When they talk of an "edge" in trading, it has nothing to do with qwertyuiop's  suggested set of rules in that thread.  It goes without saying that traders will avoid the risk of ruin but there's a trivial strategy to achieve the same - don't buy or sell at all.  However traders hope to make money on most of their trades so the more trades they can do the better generally.

A trader's edge is generally based on arbitrage opportunity or some timing discrepancy in the markets of some type.  For example some traders will spend a huge effort  studying some small niche corner of the markets to find some instruments that offer the opportunity to arbitrage.  The markets may (or may not) be efficient at the macro level but at the micro level there are plenty of inefficiencies - admittedly many small and difficult to exploit.  They will then design a strategy - often using futures and options - to exploit this correlation. The correlation may not last - hence the secrecy around this activity - or the trader may get lucky and be able to milk it for months or even years.

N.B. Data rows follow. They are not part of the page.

lemma set_integral_mixture_plus_one:
  assumes \<psi>: "prob_density \<Omega> \<psi>"
    and int: "integrable (M \<Otimes>\<^sub>M lborel) (\<lambda>(z, l). indicator \<Omega> l * \<psi> l * q z l * B z)"
  shows "(LINT l:\<Omega>|lborel. \<psi> l * ((\<integral>z. q z l * B z \<partial>M) + 1))
    = (\<integral>z. mixture \<Omega> q \<psi> z * B z + mixture \<Omega> q \<psi> z \<partial>M)"
proof -
  note F = mixture_Fubini[OF int]
  have "(LINT l:\<Omega>|lborel. \<psi> l * ((\<integral>z. q z l * B z \<partial>M) + 1))
      = (LINT l:\<Omega>|lborel. \<psi> l * (\<integral>z. q z l * B z \<partial>M)) + (LINT l:\<Omega>|lborel. \<psi> l)"
    using F(3) \<psi> unfolding prob_density_def by (simp add: distrib_left set_integral_add)
  also have "\<dots> = (\<integral>z. mixture \<Omega> q \<psi> z * B z \<partial>M) + (\<integral>z. mixture \<Omega> q \<psi> z \<partial>M)"
    using F(1) \<psi> mixture_prob_density(2)[OF \<psi>] by (simp add: prob_density_def)
  also have "\<dots> = (\<integral>z. mixture \<Omega> q \<psi> z * B z + mixture \<Omega> q \<psi> z \<partial>M)"
    using F(2) mixture_prob_density(1)[OF \<psi>] by simp
  finally show ?thesis .
qed

lemma integrable_weighted_between:
  assumes [measurable]: "r \<in> borel_measurable borel" "s \<in> borel_measurable borel" "c \<in> borel_measurable M"
    and r_nonneg: "\<forall>l\<in>\<Omega>. 0 \<le> r l" and s_nonneg: "\<forall>l\<in>\<Omega>. 0 \<le> s l"
    and between: "\<forall>z\<in>space M. a z \<le> c z \<and> c z \<le> b z" and "0 \<le> e" "e \<le> e0"
    and int_ra: "integrable (M \<Otimes>\<^sub>M lborel) (\<lambda>(z, l). indicator \<Omega> l * r l * q z l * a z)"
    and int_sa: "integrable (M \<Otimes>\<^sub>M lborel) (\<lambda>(z, l). indicator \<Omega> l * s l * q z l * a z)"
    and int_b: "integrable (M \<Otimes>\<^sub>M lborel) (\<lambda>(z, l). indicator \<Omega> l * (r l + e0 * s l) * q z l * b z)"
  shows "integrable (M \<Otimes>\<^sub>M lborel) (\<lambda>(z, l). indicator \<Omega> l * (r l + e * s l) * q z l * c z)"
proof (rule Bochner_Integration.integrable_bound)
  define W where "W x = \<bar>case x of (z, l) \<Rightarrow> indicator \<Omega> l * r l * q z l * a z\<bar>
    + e0 * \<bar>case x of (z, l) \<Rightarrow> indicator \<Omega> l * s l * q z l * a z\<bar>
    + \<bar>case x of (z, l) \<Rightarrow> indicator \<Omega> l * (r l + e0 * s l) * q z l * b z\<bar>" for x
  show "integrable (M \<Otimes>\<^sub>M lborel) W"
    unfolding W_def using int_ra int_sa int_b by (intro Bochner_Integration.integrable_add integrable_abs) auto
  show "(\<lambda>(z, l). indicator \<Omega> l * (r l + e * s l) * q z l * c z) \<in> borel_measurable (M \<Otimes>\<^sub>M lborel)"
    by measurable
  have "\<bar>indicator \<Omega> l * (r l + e * s l) * q z l * c z\<bar> \<le> W (z, l)" if "z \<in> space M" for z l
  proof (cases "l \<in> \<Omega>")
    case True
    have nonneg: "0 \<le> r l" "0 \<le> s l" "0 \<le> q z l" "0 \<le> e0" "0 \<le> r l + e0 * s l"
      using True that r_nonneg s_nonneg q_nonneg \<open>0 \<le> e\<close> \<open>e \<le> e0\<close> by auto
    have "0 \<le> (r l + e * s l) * q z l" "(r l + e * s l) * q z l \<le> (r l + e0 * s l) * q z l"
      using nonneg \<open>0 \<le> e\<close> \<open>e \<le> e0\<close> by (auto intro!: mult_right_mono)
    from abs_mult_between_le[OF this] between that
    have "\<bar>(r l + e * s l) * q z l * c z\<bar> \<le> (r l + e0 * s l) * q z l * (\<bar>a z\<bar> + \<bar>b z\<bar>)"
      by auto
    also have "\<dots> = W (z, l)"
      using True nonneg by (simp add: W_def abs_mult) (simp add: algebra_simps)
    finally show ?thesis
      using True by simp
  qed (simp add: W_def)
  then show "AE x in M \<Otimes>\<^sub>M lborel. norm (case x of (z, l) \<Rightarrow> indicator \<Omega> l * (r l + e * s l) * q z l * c z) \<le> norm (W x)"
    by (intro AE_I2) (auto simp: space_pair_measure intro: order_trans[OF _ abs_ge_self])
qed

end

locale mixture_objective = latent_density_family M \<Omega> q for M :: "'z measure" and \<Omega> q +
  fixes \<pi> :: "'z \<Rightarrow> real" and \<rho> :: "'a::euclidean_space \<Rightarrow> real"
  assumes measurable_\<pi> [measurable]: "\<pi> \<in> borel_measurable M"
    and density_\<rho>: "prob_density \<Omega> \<rho>"
    and set_integrable_\<rho>: "\<forall>z\<in>space M. set_integrable lborel \<Omega> (\<lambda>l. \<rho> l * q z l)"
    and mixture_\<rho>_pos: "\<forall>z\<in>space M. 0 < mixture \<Omega> q \<rho> z"
    and integrable_\<rho>: "integrable (M \<Otimes>\<^sub>M lborel)
      (\<lambda>(z, l). indicator \<Omega> l * \<rho> l * q z l * (- ln (\<pi> z) + ln (mixture \<Omega> q \<rho> z)))"
begin

lemma measurable_\<rho> [measurable]: "\<rho> \<in> borel_measurable borel"
  using density_\<rho> by (simp add: prob_density_def)

lemma VI_L_perturbed_eq_integral:
  assumes \<psi>: "prob_density \<Omega> \<psi>"
    and set_integrable_\<psi>: "\<forall>z\<in>space M. set_integrable lborel \<Omega> (\<lambda>l. \<psi> l * q z l)"
    and integrable_\<psi>: "integrable (M \<Otimes>\<^sub>M lborel)
      (\<lambda>(z, l). indicator \<Omega> l * \<psi> l * q z l * (- ln (\<pi> z) + ln (mixture \<Omega> q \<rho> z)))"
    and integrable_e0: "integrable (M \<Otimes>\<^sub>M lborel)
      (\<lambda>(z, l). indicator \<Omega> l * (\<rho> l + e0 * \<psi> l) * q z l *
         (- ln (\<pi> z) + ln (mixture \<Omega> q (\<lambda>l'. \<rho> l' + e0 * \<psi> l') z)))"
    and "0 \<le> e" "e \<le> e0"
  defines "m \<equiv> mixture \<Omega> q \<rho>" and "n \<equiv> mixture \<Omega> q \<psi>"
  shows "VI_L M \<Omega> q \<pi> (\<lambda>l. \<rho> l + e * \<psi> l)
      = (\<integral>z. (m z + e * n z) * (- ln (\<pi> z) + ln (m z + e * n z)) \<partial>M)"
    and "integrable M (\<lambda>z. (m z + e * n z) * (- ln (\<pi> z) + ln (m z + e * n z)))"
proof -
  have \<psi>_measurable [measurable]: "\<psi> \<in> borel_measurable borel" and \<psi>_nonneg: "\<forall>l\<in>\<Omega>. 0 \<le> \<psi> l"
    using \<psi> by (simp_all add: prob_density_def)
  have \<rho>_nonneg: "\<forall>l\<in>\<Omega>. 0 \<le> \<rho> l"
    using density_\<rho> by (simp add: prob_density_def)
  have mixture_perturbed: "mixture \<Omega> q (\<lambda>l. \<rho> l + t * \<psi> l) z = m z + t * n z" if "z \<in> space M" for t z
    unfolding m_def n_def using that set_integrable_\<rho> set_integrable_\<psi> by (intro mixture_add_scaled) auto
  have ln_mono: "ln (m z + 0 * n z) \<le> ln (m z + e * n z)" "ln (m z + e * n z) \<le> ln (m z + e0 * n z)"
    if "z \<in> space M" for z
    using that \<open>0 \<le> e\<close> \<open>e \<le> e0\<close> mixture_\<rho>_pos mixture_nonneg[OF \<psi>_nonneg]
    unfolding m_def n_def by (intro ln_shift_mono; simp)+
  then have between: "\<forall>z\<in>space M. - ln (\<pi> z) + ln (mixture \<Omega> q \<rho> z)
        \<le> - ln (\<pi> z) + ln (mixture \<Omega> q (\<lambda>l'. \<rho> l' + e * \<psi> l') z)
     \<and> - ln (\<pi> z) + ln (mixture \<Omega> q (\<lambda>l'. \<rho> l' + e * \<psi> l') z)
        \<le> - ln (\<pi> z) + ln (mixture \<Omega> q (\<lambda>l'. \<rho> l' + e0 * \<psi> l') z)"
    by (simp add: mixture_perturbed m_def)
  have c_measurable: "(\<lambda>z. - ln (\<pi> z) + ln (mixture \<Omega> q (\<lambda>l'. \<rho> l' + e * \<psi> l') z)) \<in> borel_measurable M"
    by measurable
  note F = mixture_Fubini[OF integrable_weighted_between[OF measurable_\<rho> \<psi>_measurable c_measurable
        \<rho>_nonneg \<psi>_nonneg between \<open>0 \<le> e\<close> \<open>e \<le> e0\<close> integrable_\<rho> integrable_\<psi> integrable_e0]]
  have integrand_e: "mixture \<Omega> q (\<lambda>l. \<rho> l + e * \<psi> l) z * (- ln (\<pi> z) + ln (mixture \<Omega> q (\<lambda>l. \<rho> l + e * \<psi> l) z))
      = (m z + e * n z) * (- ln (\<pi> z) + ln (m z + e * n z))" if "z \<in> space M" for z
    using that by (simp add: mixture_perturbed)
  show "VI_L M \<Omega> q \<pi> (\<lambda>l. \<rho> l + e * \<psi> l)
      = (\<integral>z. (m z + e * n z) * (- ln (\<pi> z) + ln (m z + e * n z)) \<partial>M)"
    unfolding VI_L_def F(1) using integrand_e by (rule Bochner_Integration.integral_cong[OF refl])
  show "integrable M (\<lambda>z. (m z + e * n z) * (- ln (\<pi> z) + ln (m z + e * n z)))"
    using F(2) integrand_e by (rule Bochner_Integration.integrable_cong[THEN iffD1, OF refl, rotated])
qed

lemma VI_L_directional_derivative:
  assumes \<psi>: "prob_density \<Omega> \<psi>"
    and set_integrable_\<psi>: "\<forall>z\<in>space M. set_integrable lborel \<Omega> (\<lambda>l. \<psi> l * q z l)"
    and integrable_\<psi>: "integrable (M \<Otimes>\<^sub>M lborel)
      (\<lambda>(z, l). indicator \<Omega> l * \<psi> l * q z l * (- ln (\<pi> z) + ln (mixture \<Omega> q \<rho> z)))"
    and integrable_e0: "integrable (M \<Otimes>\<^sub>M lborel)
      (\<lambda>(z, l). indicator \<Omega> l * (\<rho> l + e0 * \<psi> l) * q z l *
         (- ln (\<pi> z) + ln (mixture \<Omega> q (\<lambda>l'. \<rho> l' + e0 * \<psi> l') z)))"
    and "0 < e0"
  shows "((\<lambda>\<epsilon>. (VI_L M \<Omega> q \<pi> (\<lambda>l. \<rho> l + \<epsilon> * \<psi> l) - VI_L M \<Omega> q \<pi> \<rho>) / \<epsilon>)
    \<longlongrightarrow> (LINT l:\<Omega>|lborel. \<psi> l * ((\<integral>z. q z l * (- ln (\<pi> z) + ln (mixture \<Omega> q \<rho> z)) \<partial>M) + 1)))
    (at_right 0)"
proof -
  define A m n where "A z = - ln (\<pi> z)" and "m = mixture \<Omega> q \<rho>" and "n = mixture \<Omega> q \<psi>" for z
  have [measurable]: "\<psi> \<in> borel_measurable borel"
    using \<psi> by (simp add: prob_density_def)
  note perturbed = VI_L_perturbed_eq_integral[OF \<psi> set_integrable_\<psi> integrable_\<psi> integrable_e0, folded A_def m_def n_def]
  have L0: "VI_L M \<Omega> q \<pi> \<rho> = (\<integral>z. m z * (A z + ln (m z)) \<partial>M)"
    and integrable_L0: "integrable M (\<lambda>z. m z * (A z + ln (m z)))"
    using perturbed[of 0] \<open>0 < e0\<close> by simp_all
  have "(VI_L M \<Omega> q \<pi> (\<lambda>l. \<rho> l + e * \<psi> l) - VI_L M \<Omega> q \<pi> \<rho>) / e
      = (\<integral>z. ((m z + e * n z) * (A z + ln (m z + e * n z)) - m z * (A z + ln (m z))) / e \<partial>M)"
    if "0 < e" "e \<le> e0" for e
  proof -
    have "(VI_L M \<Omega> q \<pi> (\<lambda>l. \<rho> l + e * \<psi> l) - VI_L M \<Omega> q \<pi> \<rho>) / e
        = ((\<integral>z. (m z + e * n z) * (A z + ln (m z + e * n z)) \<partial>M) - (\<integral>z. m z * (A z + ln (m z)) \<partial>M)) / e"
      using that by (simp add: L0 perturbed(1) A_def)
    also have "\<dots> = (\<integral>z. ((m z + e * n z) * (A z + ln (m z + e * n z)) - m z * (A z + ln (m z))) / e \<partial>M)"
      using that perturbed(2)[of e] integrable_L0 by (simp add: A_def)
    finally show ?thesis .
  qed
  then have quotient: "\<forall>\<^sub>F e in at_right 0. (VI_L M \<Omega> q \<pi> (\<lambda>l. \<rho> l + e * \<psi> l) - VI_L M \<Omega> q \<pi> \<rho>) / e
      = (\<integral>z. ((m z + e * n z) * (A z + ln (m z + e * n z)) - m z * (A z + ln (m z))) / e \<partial>M)"
    unfolding eventually_at_right_field using \<open>0 < e0\<close> by (intro exI[of _ e0]) auto
  have target: "(LINT l:\<Omega>|lborel. \<psi> l * ((\<integral>z. q z l * (- ln (\<pi> z) + ln (mixture \<Omega> q \<rho> z)) \<partial>M) + 1))
      = (\<integral>z. n z * (A z + ln (m z)) + n z \<partial>M)"
    using set_integral_mixture_plus_one[OF \<psi> integrable_\<psi>] by (simp add: A_def m_def n_def)
  have [measurable]: "A \<in> borel_measurable M" "m \<in> borel_measurable M" "n \<in> borel_measurable M"
    unfolding A_def[abs_def] m_def n_def by measurable
  have "\<forall>z\<in>space M. 0 < m z" "\<forall>z\<in>space M. 0 \<le> n z"
    using mixture_\<rho>_pos mixture_nonneg[of \<psi>] \<psi> unfolding m_def n_def prob_density_def by auto
  with mixture_Fubini(2)[OF integrable_\<psi>, folded A_def m_def n_def] perturbed(2)[of e0]
    mixture_prob_density(1)[OF \<psi>, folded n_def] \<open>0 < e0\<close>
  show ?thesis
    unfolding target tendsto_cong[OF quotient] by (intro tendsto_integral_shifted_xlnx_quotient) simp_all
qed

The real point of this post is that the fact that money can be made trading DOES NOT mean that any of the skills or techniques are transferrable to  improving your pension fund returns. Trading and investing may seem superficially similar (it may seem like the only difference is the time scale) but they are completely and fundamentally different activities as I hope I've pointed out above.

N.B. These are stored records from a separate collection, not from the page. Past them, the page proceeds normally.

lemma norm_le_sum_flag_basis:
  assumes "in_flag u s x" "s \<le> CARD('n)" "\<And>i. i \<in> {1..s} \<Longrightarrow> \<bar>coord u x i\<bar> \<le> 1"
  shows "norm x \<le> (\<Sum>i=1..s. norm (u i))"
proof -
  have "(\<Sum>i=1..CARD('n). coord u x i *\<^sub>R u i) = (\<Sum>i=1..s. coord u x i *\<^sub>R u i)"
    using assms(1,2) by (intro sum.mono_neutral_right) (auto simp: in_flag_def)
  then have "norm x = norm (\<Sum>i=1..s. coord u x i *\<^sub>R u i)"
    using coord_expansion[OF u_basis, of x] by simp
  also have "\<dots> \<le> (\<Sum>i=1..s. \<bar>coord u x i\<bar> * norm (u i))"
    by (rule norm_sum[THEN order_trans]) simp
  also have "\<dots> \<le> (\<Sum>i=1..s. norm (u i))"
    using assms(3) by (intro sum_mono) (simp add: mult_left_le_one_le)
  finally show ?thesis .
qed

lemma reduce_mod_flag:
  assumes "x \<in> L" "in_flag u s x" "s \<in> {1..CARD('n)}"
  obtains x' where "x' \<in> L" "in_flag u s x'" "coord u x' s = coord u x s"
    "\<And>i. i \<in> {1..<s} \<Longrightarrow> 0 \<le> coord u x' i \<and> coord u x' i < 1"
proof -
  define x' where "x' = x - (\<Sum>i\<in>{1..<s}. of_int \<lfloor>coord u x i\<rfloor> *\<^sub>R u i)"
  have "x' \<in> L"
    unfolding x'_def using assms(1,3) u_mem by (intro lattice_diff lattice_int_combination) auto
  have coord_x': "coord u x' j = coord u x j - (if j < s then of_int \<lfloor>coord u x j\<rfloor> else 0)"
    if "j \<in> {1..CARD('n)}" for j
  proof -
    have "(\<Sum>i\<in>{1..<s}. of_int \<lfloor>coord u x i\<rfloor> * coord u (u i) j) =
          (\<Sum>i\<in>{1..<s}. if i = j then of_int \<lfloor>coord u x i\<rfloor> else 0)"
      using that assms(3) by (intro sum.cong) (auto simp: coord_basis[OF u_basis])
    then show ?thesis
      using that by (simp add: x'_def coord_u_linear)
  qed
  show thesis
  proof
    show "x' \<in> L" by fact
    show "in_flag u s x'" using assms(2) by (simp add: in_flag_def coord_x')
    show "coord u x' s = coord u x s" using coord_x'[OF assms(3)] by simp
    show "0 \<le> coord u x' i \<and> coord u x' i < 1" if "i \<in> {1..<s}" for i
      using that assms(3) coord_x'[of i] by auto linarith+
  qed
qed

lemma coord_group_diff_int:
  assumes "g \<in> coord_group L u s" "h \<in> coord_group L u s"
  shows "g - of_int k * h \<in> coord_group L u s"
proof -
  obtain x y where "x \<in> L" "in_flag u s x" "g = coord u x s" "y \<in> L" "in_flag u s y" "h = coord u y s"
    using assms unfolding coord_group_def by blast
  then have "x - of_int k *\<^sub>R y \<in> L \<and> in_flag u s (x - of_int k *\<^sub>R y) \<and>
             g - of_int k * h = coord u (x - of_int k *\<^sub>R y) s"
    by (auto simp: lattice_diff lattice_scale_int in_flag_def coord_u_linear)
  then show ?thesis unfolding coord_group_def by blast
qed

lemma one_mem_coord_group:
  assumes "s \<in> {1..CARD('n)}"
  shows "1 \<in> coord_group L u s"
proof -
  have "u s \<in> L \<and> in_flag u s (u s) \<and> 1 = coord u (u s) s"
    using assms u_mem by (auto simp: in_flag_def coord_basis[OF u_basis])
  then show ?thesis unfolding coord_group_def by blast
qed

lemma finite_coord_group_unit_interval:
  assumes "s \<in> {1..CARD('n)}"
  shows "finite (coord_group L u s \<inter> {0<..1})"
proof -
  define R where "R = (\<Sum>i=1..s. norm (u i))"
  have "coord_group L u s \<inter> {0<..1} \<subseteq> (\<lambda>x. coord u x s) ` (L \<inter> cball 0 R)"
  proof
    fix g assume "g \<in> coord_group L u s \<inter> {0<..1}"
    then obtain x where x: "x \<in> L" "in_flag u s x" "g = coord u x s" "0 < g" "g \<le> 1"
      unfolding coord_group_def by auto
    obtain x' where x': "x' \<in> L" "in_flag u s x'" "coord u x' s = coord u x s"
      "\<And>i. i \<in> {1..<s} \<Longrightarrow> 0 \<le> coord u x' i \<and> coord u x' i < 1"
      using reduce_mod_flag[OF x(1,2) assms] by blast
    have "norm x' \<le> R"
      unfolding R_def
    proof (rule norm_le_sum_flag_basis[OF x'(2)])
      show "s \<le> CARD('n)" using assms by simp
      show "\<bar>coord u x' i\<bar> \<le> 1" if "i \<in> {1..s}" for i
        using that x(3-5) x'(3) x'(4)[of i] by (cases "i = s") auto
    qed
    then show "g \<in> (\<lambda>x. coord u x s) ` (L \<inter> cball 0 R)"
      using x(3) x'(1,3) by (intro image_eqI[of _ _ x']) auto
  qed
  then show ?thesis using lattice_finite_cball finite_surj by blast
qed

Successful trading is beyond the layman and to even to attempt it is more likely to result in being wiped out.  You are going head to head with specialist trading houses all over the world as well as smart and experienced lone traders; some of your competitors will have 10s or 100s of millions worth of computing power and networks, others will have years of experience in some small dark niche of the markets.  Successful investment on the other hand is possible by following relatively simple rules (but I have to say I think the investment guide associated with askaboutmoney is flawed in many ways).  It is a grave mistake to confuse the two and try to combine trading and investing.

However it serves no interest to deny that it's possible to make money trading; this is simply not the case.


----------



## Brendan Burgess (18 Jul 2009)

I think that the key point here is that trading is a negative sum game in the same way that gambling is. 

For every winner, there is a loser. But the winner does not win as much as the loser loses, because the brokers take commissions along the way. 

Maybe there are consistent winners, but they are few and far between. And for every winner, there are thousands of losers. 

People do not report  their wins and losses honestly, so you hear about the wins and not the losses. I have tried to explain this to a few traders over the years and they all believed that they were in some way special and could beat the market. They all went bust eventually. 

Unless you are a maths genius, you have no chance of beating the market on a consistent basis.

Brendan


----------



## darag (18 Jul 2009)

Hi Brendan, I don't think Trading is a zero or negative sum game at all.

Perhaps I should have capitalised the word "Trading" as it has a specific and precise meaning within the financial industry.  I'm trying to describe Trading (as a concept in the finance industry) not the generic idea of trading (i.e any type of buying and selling).  I feel there is a lot of confusion out there about it and your response confirms it.

It is a specific type of market activity conducted by all sorts: from huge teams in investment banks, to smaller specialist "trading houses" to tiny one or two man operations.  When you read of "traders" in the financial press, this is what they are talking about.  The characteristics I described in my previous post apply to "Trading" not the general activity of buying and selling shares, futures or options.

Selling your BOI shares for CRH because you feel you've worked out something or other does not qualify as "trading" within the financial world.  Warren Buffet is certainly not a "trader".  Nor are any fund or portfolio managers even though they do a lot of buying and selling.  Nor is the likes of Dermot Desmond even though he buys and sells lots and seems to be able to time markets.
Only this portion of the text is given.